** Material for this task **

lemma in_nu_span_oadd: "in_nu_span \<theta> x \<Longrightarrow> in_nu_span \<theta> y \<Longrightarrow> in_nu_span \<theta> (oadd x y)"
proof -
  assume "in_nu_span \<theta> x" "in_nu_span \<theta> y"
  then obtain c d where "c \<in> FA" "osub x (olmul c (nu \<theta>)) \<in> MC \<theta>"
    and "d \<in> FA" "osub y (olmul d (nu \<theta>)) \<in> MC \<theta>"
    unfolding in_nu_span_def by blast
  moreover have "osub (oadd x y) (olmul (fadd c d) (nu \<theta>))
      = oadd (osub x (olmul c (nu \<theta>))) (osub y (olmul d (nu \<theta>)))"
    by (intro ext) (simp add: om_apply fa_apply fmul_fadd_left)
  ultimately show ?thesis
    unfolding in_nu_span_def by (metis FA_fadd MC_closed(2))
qed

lemma in_nu_span_olmul: "in_nu_span \<theta> x \<Longrightarrow> a \<in> FA \<Longrightarrow> in_nu_span \<theta> (olmul a x)"
proof -
  assume "in_nu_span \<theta> x" and a: "a \<in> FA"
  then obtain c where "c \<in> FA" "osub x (olmul c (nu \<theta>)) \<in> MC \<theta>"
    unfolding in_nu_span_def by blast
  moreover have "osub (olmul a x) (olmul (fmul a c) (nu \<theta>)) = olmul a (osub x (olmul c (nu \<theta>)))"
    by (intro ext) (simp add: om_apply fmul_fsub_right fmul_assoc)
  ultimately show ?thesis
    unfolding in_nu_span_def using a by (metis FA_fmul MC_closed(3))
qed

text \<open>Right multiples of \<open>\<nu>\<close> are left multiples because \<open>\<nu>\<close> is central modulo \<open>MB\<close>.\<close>

lemma in_nu_span_ormul: "in_nu_span \<theta> x \<Longrightarrow> a \<in> FA \<Longrightarrow> in_nu_span \<theta> (ormul \<theta> x a)"
proof -
  assume "in_nu_span \<theta> x" and a: "a \<in> FA"
  then obtain c where c: "c \<in> FA" and x: "osub x (olmul c (nu \<theta>)) \<in> MC \<theta>"
    unfolding in_nu_span_def by blast
  have "osub (ormul \<theta> (nu \<theta>) a) (olmul a (nu \<theta>)) \<in> MB \<theta>"
    using nu_central_MB[OF a] unfolding MB_def by (rule bimod_gen_osub_sym)
  then have "olmul c (osub (ormul \<theta> (nu \<theta>) a) (olmul a (nu \<theta>))) \<in> MC \<theta>"
    using c by (simp add: MB_subset_MC MC_closed(3))
  moreover have "osub (ormul \<theta> x a) (olmul (fmul c a) (nu \<theta>))
      = oadd (ormul \<theta> (osub x (olmul c (nu \<theta>))) a) (olmul c (osub (ormul \<theta> (nu \<theta>) a) (olmul a (nu \<theta>))))"
    by (intro ext) (simp add: om_apply fa_apply fmul_fsub_left fmul_fsub_right fmul_assoc)
  ultimately show ?thesis
    unfolding in_nu_span_def using x a c by (metis FA_fmul MC_closed(2,4))
qed

lemma dA_JC_in_nu_span: "a \<in> JC \<theta> \<Longrightarrow> in_nu_span \<theta> (dA \<theta> a)"
  unfolding JC_def
proof (induction rule: ideal_gen.induct)
  case (gen p)
  then consider "p \<in> relsA \<theta>" | "p = fS" | "p = ftil"
    by blast
  then show ?case
    by cases (simp_all add: dA_relsA MC_closed(1) dA_fS_MB MB_subset_MC in_nu_span_MC
        in_nu_span_nu nu_def[symmetric])
next
  case zero
  then show ?case
    by (simp add: dA_linear MC_closed(1) in_nu_span_MC)
next
  case (add p q)
  then show ?case
    by (simp add: dA_linear in_nu_span_oadd)
next
  case (lmul p a)
  have "ormul \<theta> (dA \<theta> a) p \<in> MC \<theta>"
    using lmul.hyps by (simp add: JC_def qrel_JC_MC)
  then show ?case
    using lmul by (simp add: dA_fmul in_nu_span_oadd in_nu_span_olmul in_nu_span_MC)
next
  case (rmul p a)
  have "olmul p (dA \<theta> a) \<in> MC \<theta>"
    using rmul.hyps by (simp add: JC_def qrel_JC_MC)
  then show ?case
    using rmul by (simp add: dA_fmul in_nu_span_oadd in_nu_span_ormul in_nu_span_MC)
qed

lemma NC_in_nu_span: "n \<in> NC \<theta> \<Longrightarrow> in_nu_span \<theta> n"
  unfolding NC_def
  by (induction rule: bimod_gen.induct)
    (auto simp: MC_closed(1) in_nu_span_MC dA_JC_in_nu_span in_nu_span_oadd in_nu_span_olmul
      in_nu_span_ormul)

lemma nu_NC: "nu \<theta> \<in> NC \<theta>"
  unfolding NC_def nu_def by (rule bimod_gen.gen) (use ftil_JC in blast)

lemma nu_torsion_free: "c \<in> FA \<Longrightarrow> olmul c (nu \<theta>) \<in> MC \<theta> \<Longrightarrow> c \<in> JC \<theta>"
proof -
  assume c: "c \<in> FA" and "olmul c (nu \<theta>) \<in> MC \<theta>"
  from this(2) have "nu_pairing (olmul c (nu \<theta>)) \<in> JC \<theta>"
    by (rule nu_pairing_MC)
  then have "fmul c (nu_pairing (nu \<theta>)) \<in> JC \<theta>"
    by (simp add: nu_pairing_def contract_linear)
  moreover have "fmul c (fsub (nu_pairing (nu \<theta>)) fone) \<in> JC \<theta>"
    using JB_subset_JC[OF nu_pairing_nu] c unfolding JC_def by (rule ideal_gen.lmul)
  ultimately show "c \<in> JC \<theta>"
    unfolding JC_def fmul_fsub_right fmul_fone by (blast intro: ideal_gen_cong_mem[OF ideal_gen_cong_sym])
qed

** Exercise description **
Exactly one number is the answer: how many lines in the data include the word "obtain".

** Result of this exercise **
3